### Exercise prompt
Which lines in the records below contain the word "omega"? Report each of them.

··········

(* Let $X\ge0$ be a random variable. If $$\liminf_{x\to\infty}\frac{R_X(x)}{\sqrt{x}}\in(0,\infty],$$ then $X$ is determined by its moments (in the Stieltjes sense). Moreover, if $X$ is heavy-tailed and some natural scale $h_X$ of $X$ satisfies $\liminf_{x\to\infty} h_X(x)/\sqrt{x}\in(0,\infty]$, then $\liminf_{x\to\infty}R_X(x)/\sqrt x\in(0,\infty]$, and hence $X$ is determined by its moments.
   Context: $R_X(x):=-\log P(X>x)$. $X$ is heavy-tailed if $E(e^{sX})=\infty$ for all $s>0$. A natural scale of a heavy-tailed $X$ is a concave $h:[0,\infty)\to[0,\infty)$ with $h(0)=0$, $h(x)\to\infty$, and $\liminf_{x\to\infty}R_X(x)/h(x)=1$. A non-negative $X$ with all moments finite is determined by its moments if every non-negative random variable $Y$ with $E(Y^k)=E(X^k)$ for all $k\in\mathbb{N}$ has the same law as $X$. *)

theory Defs
  imports "HOL-Probability.Probability"
begin

definition tail_R :: "'a measure \<Rightarrow> ('a \<Rightarrow> real) \<Rightarrow> real \<Rightarrow> ereal" where
  "tail_R M X x =
     (let p = measure M {\<omega> \<in> space M. X \<omega> > x}
      in if p = 0 then \<infinity> else ereal (- ln p))"

definition heavy_tailed :: "'a measure \<Rightarrow> ('a \<Rightarrow> real) \<Rightarrow> bool" where
  "heavy_tailed M X \<longleftrightarrow>
     (\<forall>s::real. s > 0 \<longrightarrow> (\<integral>\<^sup>+ \<omega>. ennreal (exp (s * X \<omega>)) \<partial>M) = \<infinity>)"

definition natural_scale :: "'a measure \<Rightarrow> ('a \<Rightarrow> real) \<Rightarrow> (real \<Rightarrow> real) \<Rightarrow> bool" where
  "natural_scale M X h \<longleftrightarrow>
     concave_on {0..} h \<and> (\<forall>x\<ge>0. h x \<ge> 0) \<and> h 0 = 0 \<and>
     filterlim h at_top at_top \<and>
     Liminf at_top (\<lambda>x. tail_R M X x / ereal (h x)) = 1"

text \<open>Laws are measures on the real
  line, so it suffices to let Y range over random variables on probability spaces whose
  sample space is the real line (any law is realised there by the identity).\<close>
definition moment_determinate :: "'a measure \<Rightarrow> ('a \<Rightarrow> real) \<Rightarrow> bool" where
  "moment_determinate M X \<longleftrightarrow>
     (\<forall>k::nat. integrable M (\<lambda>\<omega>. X \<omega> ^ k)) \<and>
     (\<forall>(N :: real measure) (Y :: real \<Rightarrow> real).
        prob_space N \<longrightarrow> Y \<in> borel_measurable N \<longrightarrow> (AE \<omega> in N. Y \<omega> \<ge> 0) \<longrightarrow>
        (\<forall>k::nat. integrable N (\<lambda>\<omega>. Y \<omega> ^ k) \<and>
                  (\<integral>\<omega>. Y \<omega> ^ k \<partial>N) = (\<integral>\<omega>. X \<omega> ^ k \<partial>M)) \<longrightarrow>
        distr N borel Y = distr M borel X)"

end

theory Submission
  imports Defs
begin

text \<open>
  A tail condition  \<open>P(X > x) \<le> exp (-c \<surd>x)\<close>  for large x implies the
  exponential moment  \<open>E exp (t \<surd>X) < \<infinity>\<close>  with  t = c/2  (summation over the integer
  parts of X). Such an exponential moment makes X moment-determinate: let \<open>\<plusminus>\<surd>X\<close> be the
  symmetrisation of \<open>\<surd>X\<close> by an independent fair sign. Its characteristic function is
  \<open>E cos (v \<surd>X)\<close>; the even derivatives of that function at 0 are, up to sign, the
  moments of X and the odd ones vanish. The exponential moment yields uniform Taylor
  remainder bounds on every interval of radius t/4, so the characteristic function (together
  with all its derivatives) is determined by the moments, step by step along the real line.
  A random variable Y \<ge> 0 with the same moments inherits the exponential moment (compare
  the power series of \<open>cosh (t \<surd>\<cdot>)\<close>), so both symmetrisations have the same
  characteristic function, hence the same law (Levy's uniqueness theorem), and squaring
  recovers the laws of X and Y. Finally, both hypotheses of the theorem (positive liminf of
  \<open>R_X(x)/\<surd>x\<close>, or of \<open>h(x)/\<surd>x\<close> for a natural scale h) give such a tail bound.
\<close>

lemma power_div_fact_le_exp:
  assumes "(x::real) \<ge> 0" shows "x ^ n / fact n \<le> exp x"
proof -
  have s: "(\<lambda>n. x^n /\<^sub>R fact n) sums exp x" by (rule exp_converges)
  have "(\<Sum>i\<in>{n}. x^i /\<^sub>R fact i) \<le> exp x"
    by (rule sum_le_suminf[OF sums_summable[OF s], of "{n}", unfolded sums_unique[OF s, symmetric]])
      (use assms in auto)
  then show ?thesis by (simp add: divide_inverse mult.commute)
qed

lemma power_le_exp_scaled:
  assumes "(z::real) \<ge> 0" "t > 0" shows "z ^ m \<le> fact m / t ^ m * exp (t * z)"
proof -
  have "(t*z)^m / fact m \<le> exp (t*z)" using assms by (intro power_div_fact_le_exp) auto
  then have "t^m * z^m \<le> fact m * exp (t*z)"
    by (simp add: power_mult_distrib divide_le_eq mult.commute)
  then show ?thesis using assms by (simp add: divide_simps mult.commute)
qed

lemma fact_add_le: "fact (k + m) \<le> (fact k * fact m * 2 ^ (k + m) :: real)"
proof -
  have "fact k * fact m * ((k+m) choose k) = (fact (k+m) :: nat)"
    using binomial_fact_lemma[of k "k+m"] by simp
  then have e: "fact k * fact m * real ((k+m) choose k) = fact (k+m)"
    by (metis of_nat_fact of_nat_mult)
  have "real ((k+m) choose k) \<le> 2^(k+m)"
    using binomial_le_pow2[of "k+m" k] by (simp add: of_nat_le_iff flip: of_nat_power)
  then show ?thesis unfolding e[symmetric]
    by (intro mult_left_mono) auto
qed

··········

### Solution to the problem
     (let p = measure M {\<omega> \<in> space M. X \<omega> > x}
     (\<forall>s::real. s > 0 \<longrightarrow> (\<integral>\<^sup>+ \<omega>. ennreal (exp (s * X \<omega>)) \<partial>M) = \<infinity>)"
     (\<forall>k::nat. integrable M (\<lambda>\<omega>. X \<omega> ^ k)) \<and>
        prob_space N \<longrightarrow> Y \<in> borel_measurable N \<longrightarrow> (AE \<omega> in N. Y \<omega> \<ge> 0) \<longrightarrow>
        (\<forall>k::nat. integrable N (\<lambda>\<omega>. Y \<omega> ^ k) \<and>
                  (\<integral>\<omega>. Y \<omega> ^ k \<partial>N) = (\<integral>\<omega>. X \<omega> ^ k \<partial>M)) \<longrightarrow>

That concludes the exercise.